Source: Juniper Research
- Oops, the telcos have dropped their mobile wallet
- Picked up by Google, Apple, Samsung, Paypal, Alipay and WeChat
- They won't be giving it back
Not too long ago - say about five years - the mobile wallet concept was being presented as telco territory. Telcos, we were told, had the networks, they controlled the ‘handsets’ and above all they had earned ‘consumer trust’. This wasn’t an area like download app stores. People understood that a highly secure network along with staid and steady governance had to stand behind an application like Mobile Wallet (subtext: who would trust a company like Google with their money?).
Well, as it turns out, quite a few. UK-based Juniper Research has just published a white paper (available for download upon registration) that charts the Mobile Wallet take-off that’s actually ocurred over the past couple of years. Guess what? Apple, Samsung and Google are all now poised to figure highly. Telcos, not so much.

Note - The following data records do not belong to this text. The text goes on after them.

lemma second_coordinate_bounds:
  fixes FF DD :: "nat set"
  assumes "finite FF" "finite DD" "0 < Mex DD"
    and spaced_D: "spaced_above 2 (Mex DD) DD" and spaced_F: "spaced_above 3 (a + Mex DD) FF"
    and a: "a = Mex FF" and b: "b = Mex (plus_set a DD \<union> {1..a} \<union> FF)"
  shows "a + Mex DD \<le> b" "b \<le> a + Mex DD + 2" "\<And>x. Mex DD < x \<Longrightarrow> a + x < b \<Longrightarrow> x \<in> DD"
proof -
  define \<delta> S where "\<delta> = Mex DD" and "S = plus_set a DD \<union> {1..a} \<union> FF"
  have \<delta>_notin: "\<delta> \<notin> DD" using \<open>finite DD\<close> Mex_notin \<delta>_def by blast
  have b_S: "b = Mex S" using b S_def by simp
  have "finite S" using assms(1,2) unfolding S_def plus_set_def by simp
  then have b_notin: "b \<notin> S" using Mex_notin b_S by simp
  have below_b: "y \<in> S" if "y < b" for y
    using that mem_of_less_Mex[of y S] b_S by simp
  have shifted: "a + x \<in> S \<longleftrightarrow> x \<in> DD \<or> a + x \<in> FF" if "0 < x" for x
    using that by (auto simp: S_def mem_plus_set_iff)
  have "y \<in> S" if "y < a + \<delta>" for y
  proof (cases "y < a")
    case True
    then show ?thesis using mem_of_less_Mex[of y FF] a S_def by simp
  next
    case False
    then show ?thesis
      using that mem_of_less_Mex[of "y - a" DD] \<delta>_def S_def by (simp add: mem_plus_set_iff)
  qed
  then show lower: "a + \<delta> \<le> b" using b_notin by (meson not_less)
  have a\<delta>_in_F: "a + \<delta> \<in> FF" if "a + \<delta> < b"
    using below_b[OF that] shifted[of \<delta>] \<delta>_notin assms(3) \<delta>_def by auto
  have F_free: "a + x \<notin> FF" if "a + \<delta> < b" "\<delta> < x" "x < \<delta> + 3" for x
    using spaced_aboveD[OF spaced_F a\<delta>_in_F[OF that(1)], of "a + x"] that \<delta>_def by auto
  show upper: "b \<le> a + \<delta> + 2"
  proof (rule ccontr)
    assume "\<not> b \<le> a + \<delta> + 2"
    then have "\<delta> + 1 \<in> DD" "\<delta> + 2 \<in> DD"
      using below_b[of "a + (\<delta> + 1)"] below_b[of "a + (\<delta> + 2)"]
        shifted[of "\<delta> + 1"] shifted[of "\<delta> + 2"] F_free[of "\<delta> + 1"] F_free[of "\<delta> + 2"]
      by auto
    then show False using spaced_aboveD[OF spaced_D, of "\<delta> + 1" "\<delta> + 2"] \<delta>_def by simp
  qed
  show "x \<in> DD" if "\<delta> < x" "a + x < b" for x
    using that below_b[OF that(2)] shifted[of x] F_free[of x] upper by auto
qed

lemma third_coordinate_eq:
  assumes "finite DD" "0 < Mex DD" "0 \<in> FF" "b + Mex DD \<notin> FF"
  shows "Mex (plus_set b DD \<union> {1..b} \<union> FF) = b + Mex DD"
proof (rule Mex_eqI)
  show "b + Mex DD \<notin> plus_set b DD \<union> {1..b} \<union> FF"
    using assms Mex_notin[of DD] by (auto simp: mem_plus_set_iff)
  show "y \<in> plus_set b DD \<union> {1..b} \<union> FF" if "y < b + Mex DD" for y
    using that assms(3) mem_of_less_Mex[of "y - b" DD]
    by (cases "y = 0"; cases "y \<le> b") (auto simp: mem_plus_set_iff)
qed

definition wythoff_inv :: "nat set \<Rightarrow> nat set \<Rightarrow> nat \<Rightarrow> nat \<Rightarrow> nat \<Rightarrow> bool" where
  "wythoff_inv FF DD u1 u2 u3 \<longleftrightarrow> finite FF \<and> finite DD \<and>
     u1 < Mex FF \<and> u1 \<le> u2 \<and> u2 - u1 < Mex DD \<and> u2 \<le> u3 \<and> u3 - u2 \<le> u2 - u1 \<and>
     (\<forall>x\<in>FF. x \<le> u3) \<and> (\<forall>x\<in>DD. x \<le> u3 - u1) \<and>
     spaced_above 2 (Mex DD) DD \<and> spaced_above 3 (Mex FF + Mex DD) FF"

lemma next_triple_bounds:
  assumes inv: "wythoff_inv FF DD u1 u2 u3"
    and a: "a = Mex FF"
    and b: "b = Mex (plus_set a DD \<union> {1..a} \<union> FF)"
    and c: "c = Mex (plus_set b DD \<union> {1..b} \<union> FF)"
  shows "Mex DD \<le> b - a" "b - a \<le> Mex DD + 2" "\<And>x. Mex DD < x \<Longrightarrow> x < b - a \<Longrightarrow> x \<in> DD"
    and "c = b + Mex DD" "u1 < a" "u2 + 2 \<le> b" "u3 + 3 \<le> c" "u3 - u1 + 2 \<le> c - a"
proof -
  from inv have fin: "finite FF" "finite DD"
    and u: "u1 < a" "u1 \<le> u2" "u2 - u1 < Mex DD" "u2 \<le> u3" "u3 - u2 \<le> u2 - u1"
    and FF_le: "\<forall>x\<in>FF. x \<le> u3"
    and spaced_D: "spaced_above 2 (Mex DD) DD" and spaced_F: "spaced_above 3 (a + Mex DD) FF"
    unfolding wythoff_inv_def a by auto
  have pos: "0 < Mex DD" using u by linarith
  note second = second_coordinate_bounds[OF fin pos spaced_D spaced_F a b]
  show "Mex DD \<le> b - a" "b - a \<le> Mex DD + 2" using second(1,2) by auto
  show "x \<in> DD" if "Mex DD < x" "x < b - a" for x using second(3) that by auto
  show "u1 < a" by (fact u(1))
  show u2_b: "u2 + 2 \<le> b" using u second(1) by linarith
  have "0 \<in> FF" using mem_of_less_Mex u(1) a by auto
  moreover have "b + Mex DD \<notin> FF" using FF_le u u2_b by fastforce
  ultimately show c_eq: "c = b + Mex DD" using third_coordinate_eq[OF fin(2) pos] c by simp
  show "u3 + 3 \<le> c" "u3 - u1 + 2 \<le> c - a" using c_eq u second(1) by linarith+
qed

lemma wythoff_inv_next:
  assumes inv: "wythoff_inv FF DD u1 u2 u3"
    and a: "a = Mex FF"
    and b: "b = Mex (plus_set a DD \<union> {1..a} \<union> FF)"
    and c: "c = Mex (plus_set b DD \<union> {1..b} \<union> FF)"
  shows "wythoff_inv (FF \<union> {a, b, c}) (DD \<union> {b - a, c - b, c - a}) a b c"
proof -
  define \<delta> FF' DD' where "\<delta> = Mex DD"
    and "FF' = FF \<union> {a, b, c}" and "DD' = DD \<union> {b - a, c - b, c - a}"
  note bounds = next_triple_bounds[OF assms, folded \<delta>_def]
  from inv have fin: "finite FF" "finite DD"
    and FF_le: "\<forall>x\<in>FF. x \<le> u3" and DD_le: "\<forall>x\<in>DD. x \<le> u3 - u1"
    and spaced_D: "spaced_above 2 \<delta> DD" and spaced_F: "spaced_above 3 (a + \<delta>) FF"
    unfolding wythoff_inv_def a \<delta>_def by auto
  have fin': "finite FF'" "finite DD'" using fin unfolding FF'_def DD'_def by auto
  have Mex_FF': "a < Mex FF'"
    using fin'(1) mem_of_less_Mex[of _ FF] a
    by (intro less_MexI) (auto simp: FF'_def le_less)
  have Mex_DD': "b - a < Mex DD'"
  proof (intro less_MexI[OF fin'(2)])
    fix y assume "y \<le> b - a"
    then consider "y < \<delta>" | "y = \<delta>" | "\<delta> < y \<and> y < b - a" | "y = b - a" by linarith
    then show "y \<in> DD'"
      using mem_of_less_Mex[of y DD] bounds(3,4) unfolding DD'_def \<delta>_def by cases auto
  qed
  have "spaced_above 2 (Mex DD') (insert (c - a) DD)"
    using spaced_above_mono[OF _ spaced_D] DD_le bounds(1,8) Mex_DD'
    by (intro spaced_above_insert_top) fastforce+
  then have spaced_D': "spaced_above 2 (Mex DD') DD'"
    using Mex_DD' bounds(1,4) unfolding DD'_def
    by (simp add: insert_commute spaced_above_insert_below)
  have "spaced_above 3 (Mex FF' + Mex DD') (insert c FF)"
    using spaced_above_mono[OF _ spaced_F] FF_le bounds(1,7) Mex_FF' Mex_DD'
    by (intro spaced_above_insert_top) fastforce+
  then have spaced_F': "spaced_above 3 (Mex FF' + Mex DD') FF'"
    using Mex_FF' Mex_DD' bounds(1) unfolding FF'_def
    by (simp add: insert_commute spaced_above_insert_below)
  show ?thesis
    unfolding wythoff_inv_def FF'_def[symmetric] DD'_def[symmetric]
    using fin' Mex_FF' Mex_DD' spaced_D' spaced_F' bounds FF_le DD_le
    by (auto simp: FF'_def DD'_def)
qed

lemma length_vlist: "length (vlist n) = Suc n"
  by (induction n) auto

lemma nth_vlist: "k \<le> n \<Longrightarrow> vlist n ! k = v k"
proof (induction n)
  case 0
  then show ?case by (simp add: v_def)
next
  case (Suc n)
  then show ?case
    by (cases "k = Suc n") (auto simp: v_def nth_append length_vlist)
qed

lemma set_vlist: "set (vlist n) = v ` {0..n}"
  by (force simp: set_conv_nth length_vlist nth_vlist less_Suc_eq_le)

lemma v_Suc: "v (Suc n) = next_triple (vlist n)"
  by (simp add: v_def nth_append length_vlist)

lemma Fset_vlist: "Fset (vlist n) = F n"
  unfolding F_def Fset_def set_vlist v1_def v2_def v3_def by auto

lemma Dset_vlist: "Dset (vlist n) = D n"
  unfolding D_def Dset_def set_vlist v1_def v2_def v3_def by auto

lemma v_Suc_components:
  "v1 (Suc n) = Mex (F n)"
  "v2 (Suc n) = Mex (plus_set (v1 (Suc n)) (D n) \<union> {1..v1 (Suc n)} \<union> F n)"
  "v3 (Suc n) = Mex (plus_set (v2 (Suc n)) (D n) \<union> {1..v2 (Suc n)} \<union> F n)"
  unfolding v1_def v2_def v3_def c1_def c2_def c3_def v_Suc next_triple_def Let_def
    Fset_vlist Dset_vlist
  by simp_all

lemma F_Suc: "F (Suc n) = F n \<union> {v1 (Suc n), v2 (Suc n), v3 (Suc n)}"
  unfolding F_def by (auto simp: le_Suc_eq)

lemma D_Suc:
  "D (Suc n) = D n \<union> {v2 (Suc n) - v1 (Suc n), v3 (Suc n) - v2 (Suc n), v3 (Suc n) - v1 (Suc n)}"
  unfolding D_def by (auto simp: atLeast0_atMost_Suc)

lemma wythoff_inv_v: "wythoff_inv (F n) (D n) (v1 n) (v2 n) (v3 n)"
proof (induction n)
  case 0
  have v0: "v1 0 = 0" "v2 0 = 0" "v3 0 = 0"
    by (simp_all add: v1_def v2_def v3_def v_def c1_def c2_def c3_def)
  then have "F 0 = {0}" "D 0 = {0}"
    unfolding F_def D_def by auto
  moreover have "Mex {0} = 1"
    by (rule Mex_eqI) auto
  ultimately show ?case
    using v0 by (simp add: wythoff_inv_def spaced_above_def)
next
  case (Suc n)
  show ?case
    unfolding F_Suc D_Suc by (rule wythoff_inv_next[OF Suc v_Suc_components])
qed

lemma Max_F: "Max (F n) = v3 n"
  using wythoff_inv_v[of n] by (intro Max_eqI) (auto simp: wythoff_inv_def F_def)

lemma Max_D: "Max (D n) = v3 n - v1 n"
  using wythoff_inv_v[of n] by (intro Max_eqI) (auto simp: wythoff_inv_def D_def)

theorem theorem3:
  fixes n :: nat
  assumes "n \<ge> 1"
  shows "v1 n - v1 (n-1) \<ge> 1 \<and> v2 n - v2 (n-1) \<ge> 2 \<and> v3 n - v3 (n-1) \<ge> 3
    \<and> v3 n - v1 n \<ge> v3 (n-1) - v1 (n-1) + 2
    \<and> Gap (D (n-1) \<inter> {Mex (D (n-1))..}) \<ge> 2
    \<and> Gap (F (n-1) \<inter> {Mex (F (n-1)) + Mex (D (n-1))..}) \<ge> 3
    \<and> Max (F n) = v3 n \<and> v3 n = v2 n + Mex (D (n-1))
    \<and> Max (D n) = v3 n - v1 n"
proof -
  obtain m where n: "n = Suc m" using assms by (cases n) auto
  have inv: "wythoff_inv (F m) (D m) (v1 m) (v2 m) (v3 m)"
    by (rule wythoff_inv_v)
  note bounds = next_triple_bounds[OF inv v_Suc_components]
  have "1 \<le> v1 n - v1 m" "2 \<le> v2 n - v2 m" "3 \<le> v3 n - v3 m"
    and "v3 m - v1 m + 2 \<le> v3 n - v1 n"
    using bounds(5-8) unfolding n by linarith+
  moreover have "enat 2 \<le> Gap (D m \<inter> {Mex (D m)..})"
    and "enat 3 \<le> Gap (F m \<inter> {Mex (F m) + Mex (D m)..})"
    using inv by (auto intro: Gap_ge_if_spaced_above simp: wythoff_inv_def)
  ultimately show ?thesis
    using bounds(4) Max_F Max_D unfolding n by (simp add: numeral_eq_enat)
qed

end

Juniper found that global spend using mobile wallets is now galloping on, rising by nearly 32 per cent this year to $1.35 trillion and it’s all being driven from Asia by online players such as Alipay and WeChat, with the likes of Apple and Paypal poised to make major inroads in other developed markets.
So what happened?
According to the report author, Dr Windsor Holden, it’s the old ‘A’ word striking again - Agility. Or rather the lack of it. He says that network operators are sticking to offline payments based on NFC SIM cards using a technique called Host Card Emulation (HCE) which permits a phone to perform card emulation on a Near Field Communication (NFC)-enabled device without relying on access to a secure element across the network.
The agile competitors, on the other hand, have got the jump by deploying integrated HCE wallets that also enable online usage. The ability of players like PayPal and Apple to offer wallets which can be used both instore and online means that wallets are fast becoming the default payment mechanism in other markets. Outside emerging markets, then, the remaining mobile network operator wallet ventures are unlikely to gain traction, claims Windsor.